Feminist campaigners say that female football fans are absent from the majority of World Cup-themed advertising and when women appear they are generally cast as either nags or window dressing.
The latest advert for Pringles (re-branded Pringoooals for the duration of the tournament) features a man with three friends in England colours watching a match on television.
When the man’s phone rings, he answers it and says: “Oh hi hon, I’m just travelling. Yeah, I’m going into a tunnel,” before sticking his mobile into a Pringles tube and putting the lid on it.
In an advert for Pringles, football-loving men avoid their ‘killjoy’ girlfriends by pretending their mobile phones are losing signal
The feminist campaigner, Caroline Criado-Perez, said: “[Adverts like these] are incredibly antiquated and not at all reflective of society and who is watching football… it’s trivialising women and turning men into slathering blokes who are only concerned with watching football, drinking beer and ogling girls. It’s embarrassing for everyone concerned.”
In a similar vein to Pringles, Curry’s PC World’s “Football? What Football?” campaign features three different husbands trying to con their wives into buying big televisions so they can watch football. The advert prompted a handful of complaints to the ASA but most saved their vitriol for social media.
One viewer, Katie Pugh, posted on Twitter: “Currys still churning out sexist adverts, completely oblivious that as many women as men will be glued to the tellybox during the World Cup!”
Another, Louise Thomson, wrote: “Not impressed with advertising using World Cup as an excuse for #everydaysexism @Pringles and Currys PC World, I’m looking at you.”
A Curry’s spokesman said: “Our current TV campaign is driven by a universal insight about relationships, which provides fertile ground for humour and if anything shows the female in the ultimate position of authority. Our advertising in no way says that only men purchase TVs.”
But Ruth Holdaway, chief executive of the Women’s Sport and Fitness Foundation, said that this kind of advertising excluded women from the game.

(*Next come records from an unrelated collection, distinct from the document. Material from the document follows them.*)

lemma MCbar_Int_subset_MC:
  assumes hg: "hypergraph n (V1 \<union> V2) (E1 \<union> E2)" and hg1: "hypergraph n V1 E1"
    and hg2: "hypergraph n V2 E2"
    and e1: "V1 \<inter> V2 \<in> Lv V1 \<union> E1" and e2: "V1 \<inter> V2 \<in> Lv V2 \<union> E2"
  shows "MCbar (V1 \<union> V2) (E1 \<union> E2) V1 E1 \<inter> MCbar (V1 \<union> V2) (E1 \<union> E2) V2 E2
    \<subseteq> MC (V1 \<union> V2) (E1 \<union> E2)"
proof
  fix w assume w: "w \<in> MCbar (V1 \<union> V2) (E1 \<union> E2) V1 E1 \<inter> MCbar (V1 \<union> V2) (E1 \<union> E2) V2 E2"
  define J1 where "J1 = JH V1 E1"
  define J2 where "J2 = JH V2 E2"
  define k where "k = selected_transversal (V1 \<inter> V2)"
  have wRJ: "w \<in> RJ (J1 \<union> J2)" using w by (simp add: MCbar_def JH_Un J1_def J2_def)
  obtain A la where A: "finite A" "A \<subseteq> SH V1 E1" "\<forall>s\<in>A. 0 \<le> la s" "sum la A = 1"
      "(\<Sum>s\<in>A. la s *\<^sub>R s) = proj J1 w"
    using w unfolding MCbar_def MC_def J1_def convex_hull_explicit by blast
  obtain B mu where B: "finite B" "B \<subseteq> SH V2 E2" "\<forall>t\<in>B. 0 \<le> mu t" "sum mu B = 1"
      "(\<Sum>t\<in>B. mu t *\<^sub>R t) = proj J2 w"
    using w unfolding MCbar_def MC_def J2_def convex_hull_explicit by blast
  define m where "m J = (\<Sum>s\<in>A. if k s = J then la s else 0)" for J
  have mB: "m J = (\<Sum>t\<in>B. if k t = J then mu t else 0)" for J
    unfolding m_def k_def
    by (rule transversal_weights_eq[OF hg1 hg2 e1 e2 A(2) B(2)]) (simp add: A(5) B(5) proj_def J1_def J2_def)
  define P where "P = {x \<in> A \<times> B. k (fst x) = k (snd x)}"
  define c where "c x = la (fst x) * mu (snd x) / m (k (fst x))" for x
  define g where "g x = (\<lambda>K. if K \<in> J1 then fst x K else snd x K)"
    for x :: "(nat set \<Rightarrow> real) \<times> (nat set \<Rightarrow> real)"
  have "w = (\<lambda>K. if K \<in> J1 then (\<Sum>s\<in>A. la s *\<^sub>R s) K else (\<Sum>t\<in>B. mu t *\<^sub>R t) K)"
    using wRJ by (auto simp: A(5) B(5) proj_def RJ_def)
  also have "\<dots> = (\<Sum>x\<in>P. c x *\<^sub>R g x)"
    unfolding P_def c_def g_def by (rule sum_coupling_glue[OF A(1) B(1) A(3) B(3) m_def mB, symmetric])
  also have "\<dots> \<in> MC (V1 \<union> V2) (E1 \<union> E2)"
    unfolding MC_def
  proof (rule convex_sum[OF _ convex_convex_hull])
    show "finite P" using A(1) B(1) by (simp add: P_def)
    show "sum c P = 1"
      using coupling_sum_fst[OF A(1) B(1) A(3) m_def mB, of "\<lambda>_. 1"] A(4) by (simp add: P_def c_def)
    show "0 \<le> c x" if "x \<in> P" for x
      using that A(3) B(3) by (auto simp: c_def P_def m_def intro!: divide_nonneg_nonneg sum_nonneg)
    show "g x \<in> convex hull SH (V1 \<union> V2) (E1 \<union> E2)" if x: "x \<in> P" for x
    proof -
      have s: "fst x \<in> SH V1 E1" and t: "snd x \<in> SH V2 E2" and "k (fst x) = k (snd x)"
        using x A(2) B(2) by (auto simp: P_def)
      then have "fst x {i} = snd x {i}" if "i \<in> \<Union>(V1 \<inter> V2)" for i
        using SH_singleton_indicator[OF s Int_lower1 that] SH_singleton_indicator[OF t Int_lower2 that]
        by (simp add: k_def)
      then show ?thesis unfolding g_def J1_def by (intro hull_inc glue_in_SH[OF hg hg1 hg2 s t])
    qed
  qed
  finally show "w \<in> MC (V1 \<union> V2) (E1 \<union> E2)" .
qed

This Currys-PC World campaign features a husband trying to con his green-fingered wife into buying a big television for her to watch her gardening programmes on
“The World Cup provides an opportunity for everyone – male and female – to celebrate a sport they are passionate about,” she said. “What a shame then that so many of the current advertising campaigns using the World Cup as a hook still exclude women.”
She said they were aware of only one campaign that recognises women as having any role to play in football.

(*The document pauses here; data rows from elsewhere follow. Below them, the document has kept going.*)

lemma odd_digit_count_dyadic_interval:
  assumes "y \<in> dyadic_interval n (b * 2^(n-p))" "p \<le> n"
  shows "odd_digit_count y n \<le> Suc p"
proof -
  have "m \<le> p" if m: "m < n" "odd \<lfloor>y * 2^m\<rfloor>" for m
  proof (rule ccontr)
    assume "\<not> m \<le> p"
    have "(2::int)^(n-p) = 2^(m-p) * 2^(n-m)"
      using \<open>\<not> m \<le> p\<close> m(1) by (simp flip: power_add)
    then have split: "b * 2^(n-p) = (b * 2^(m-p)) * 2^(n-m)" by (simp add: mult.assoc)
    have "\<lfloor>y * 2^m\<rfloor> = \<lfloor>y * 2^n\<rfloor> div 2^(n-m)"
      using floor_mult_power2_shift m(1) by simp
    also have "\<dots> = (b * 2^(m-p)) * 2^(n-m) div 2^(n-m)"
      unfolding floor_dyadic_interval[OF assms(1)] split ..
    also have "\<dots> = b * 2^(m-p)" by simp
    finally show False using m(2) \<open>\<not> m \<le> p\<close> by simp
  qed
  then have "{m. m < n \<and> odd \<lfloor>y * 2^m\<rfloor>} \<subseteq> {..p}" by blast
  then have "odd_digit_count y n \<le> card {..p}"
    unfolding odd_digit_count_def by (rule card_mono[OF finite_atMost])
  then show ?thesis by simp
qed

lemma odd_digit_count_unbounded:
  assumes "infinite {m. odd \<lfloor>y * 2^m\<rfloor>}"
  shows "\<forall>\<^sub>F n in sequentially. i \<le> odd_digit_count y n"
proof -
  obtain T where T: "finite T" "card T = i" "T \<subseteq> {m. odd \<lfloor>y * 2^m\<rfloor>}"
    using assms infinite_arbitrarily_large by blast
  obtain k where k: "T \<subseteq> {..<k}" using finite_nat_bounded[OF T(1)] by blast
  have "i \<le> odd_digit_count y n" if "k \<le> n" for n
  proof -
    have "T \<subseteq> {m. m < n \<and> odd \<lfloor>y * 2^m\<rfloor>}" using T(3) k that by auto
    moreover have "finite {m. m < n \<and> odd \<lfloor>y * 2^m\<rfloor>}"
      by (rule finite_subset[of _ "{..<n}"]) auto
    ultimately show ?thesis unfolding odd_digit_count_def using T(2) card_mono by metis
  qed
  then show ?thesis unfolding eventually_sequentially by blast
qed

definition digit_min :: "(nat \<Rightarrow> nat \<Rightarrow> nat) \<Rightarrow> real \<Rightarrow> nat \<Rightarrow> nat" where
  "digit_min f y n = Min ((\<lambda>j. f j n) ` {..odd_digit_count y n})"

lemma le_star_digit_min:
  assumes "infinite {m. odd \<lfloor>y * 2^m\<rfloor>}"
  shows "le_star (digit_min f y) (f i)"
  unfolding le_star_def
proof (rule eventually_mono[OF odd_digit_count_unbounded[OF assms]])
  fix n assume "i \<le> odd_digit_count y n"
  then show "digit_min f y n \<le> f i n" unfolding digit_min_def by (intro Min_le) auto
qed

“The others present women, at best, as being disinterested in the game and at worst as being capable only of looking good on a Brazilian beach dressed in a teeny tiny bikini. Women now make over 70 per cent of household purchasing decisions.
“Furthermore, with 80,000 women in the UK telling us they want to play football and many more who love to watch the World Cup, it’s clear advertisers are missing a trick by reflecting only the dated stereotype that football is the preserve of men.”
A Pringles spokeswoman said: “The majority of our TV adverts feature men and women.”
Meanwhile, the Odeon One cinema in Liverpool has cancelled “World Cup Widow” screenings of female-friendly films during the tournament after complaints from feminist groups.